Scorie e truffa, Locatelli a processo Chiesti 6 anni e tre mesi per Orzivecchi

Scorie e truffa, Locatelli a processo
Chiesti 6 anni e tre mesi per Orzivecchi

Sono state annunciate nella mattinata di giovedì 22 ottobre le richieste di condanna per il processo Brebemi sul caso della tangenziale di Orzivecchi dove, secondo l’accusa, sarebbero stati depositati, nel sottosuolo, scorie e materiali inquinanti in quantità non regolare.

Sotto accusa l’imprenditore Pierluca Locatelli, la moglie e alcuni ex collaboratori: per Locatelli è stata chiesta una condanna di 6 anni e tre mesi.

Il caso riguarda due fascicoli, uno relativo al presunto traffico di rifiuti (ma l’incidente probatorio ha rilevato il superamento dei limiti degli inquinanti solo in 3 campioni su 35) e frode in pubbliche forniture relativo alla nuova autostrada Brebemi, l’altro relativo alla tangenziale di Orzivecchi, in provincia di Brescia, per frode in pubbliche forniture e truffa: a deciderlo era stato il gup di Brescia, che aveva quindi disposto il rinvio a giudizio per tutti gli indagati con sede processuale Bergamo.
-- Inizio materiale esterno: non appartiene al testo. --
lemma qmap_iter_diff:
  assumes "even x" "4 dvd h"
  shows "\<exists>U. (qmap M ^^ L) (x + h) - (qmap M ^^ L) x = h * U \<and> U mod 4 = (if even L then 1 else 3)"
proof (induction L)
  case (Suc L)
  then obtain U where U: "(qmap M ^^ L) (x + h) - (qmap M ^^ L) x = h * U"
    and U4: "U mod 4 = (if even L then 1 else 3)" by blast
  define y where "y = (qmap M ^^ L) x"
  have "even y" unfolding y_def using assms(1) by (rule even_qmap_iter)
  moreover have "4 dvd h * U" using assms(2) by simp
  ultimately obtain u where u: "qmap M (y + h * U) - qmap M y = h * U * u" and u4: "u mod 4 = 3"
    using qmap_diff by blast
  have "(qmap M ^^ Suc L) (x + h) - (qmap M ^^ Suc L) x = h * (U * u)"
    using U u unfolding y_def by (simp add: algebra_simps)
  moreover have "(U * u) mod 4 = (if even (Suc L) then 1 else 3)"
    using U4 u4 mod_mult_eq[of U 4 u] by auto
  ultimately show ?case by blast
qed (auto intro: exI[of _ 1])

lemma exact_pow2_qmap_iter_diff:
  assumes "even x" "2 \<le> l" "exact_pow2 l h"
  shows "exact_pow2 l ((qmap M ^^ L) (x + h) - (qmap M ^^ L) x)"
proof -
  have "4 dvd h" using exact_pow2_dvd[OF assms(3), of 2] assms(2) by simp
  then obtain U where U: "(qmap M ^^ L) (x + h) - (qmap M ^^ L) x = h * U"
    and U4: "U mod 4 = (if even L then 1 else 3)"
    using qmap_iter_diff[OF assms(1)] by blast
  have "odd U" using U4 mod_mod_cancel[of 2 4 U] by (auto simp: odd_iff_mod_2_eq_one split: if_splits)
  then show ?thesis using U exact_pow2_mult[OF assms(3), of 0 U] by (simp add: exact_pow2_0)
qed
Per un cavillo, invece, il filone Brebemi è tornato in Procura, a Brescia, mesi fa.

Nella giornata di giovedì si è focalizzata l’attenzione sulla questione di Orzivecchi. Queste le altre richieste di condanna: 3 anni alla moglie Orietta Rocca, 5 anni all’ex collaboratore Giovanni Battista Pagani, 53 anni, di Pontoglio (Brescia), 4 anni e 8 mesi a Bartolomeo Gregori, 44, di Telgate, ex responsabile della gestione dei mezzi della Locatelli; 3 anni ad Andrea Fusco, 42 anni di Costa Mezzate, legale rappresentante della «Locatelli Geom. Gabriele» così come ad Angelo Suardi, di Carobbio degli Angeli, 44 anni, che redigeva i documenti della Biancinella. Infine 2 anni all’ex dipendente dell’amministrazione provinciale di Brescia Bortolo Perugini.

L'impresa Locatelli era finita sotto la lente degli inquirenti bresciani una prima volta nel corso di un'indagine riguardante la realizzazione della tangenziale di Orzinuovi. Gli approfondimenti si sono poi estesi ai cantieri della Brebemi. Secondo le accuse, nel sottofondo stradale della Brebemi l'impresa bergamasca avrebbe conferito rifiuti inquinanti.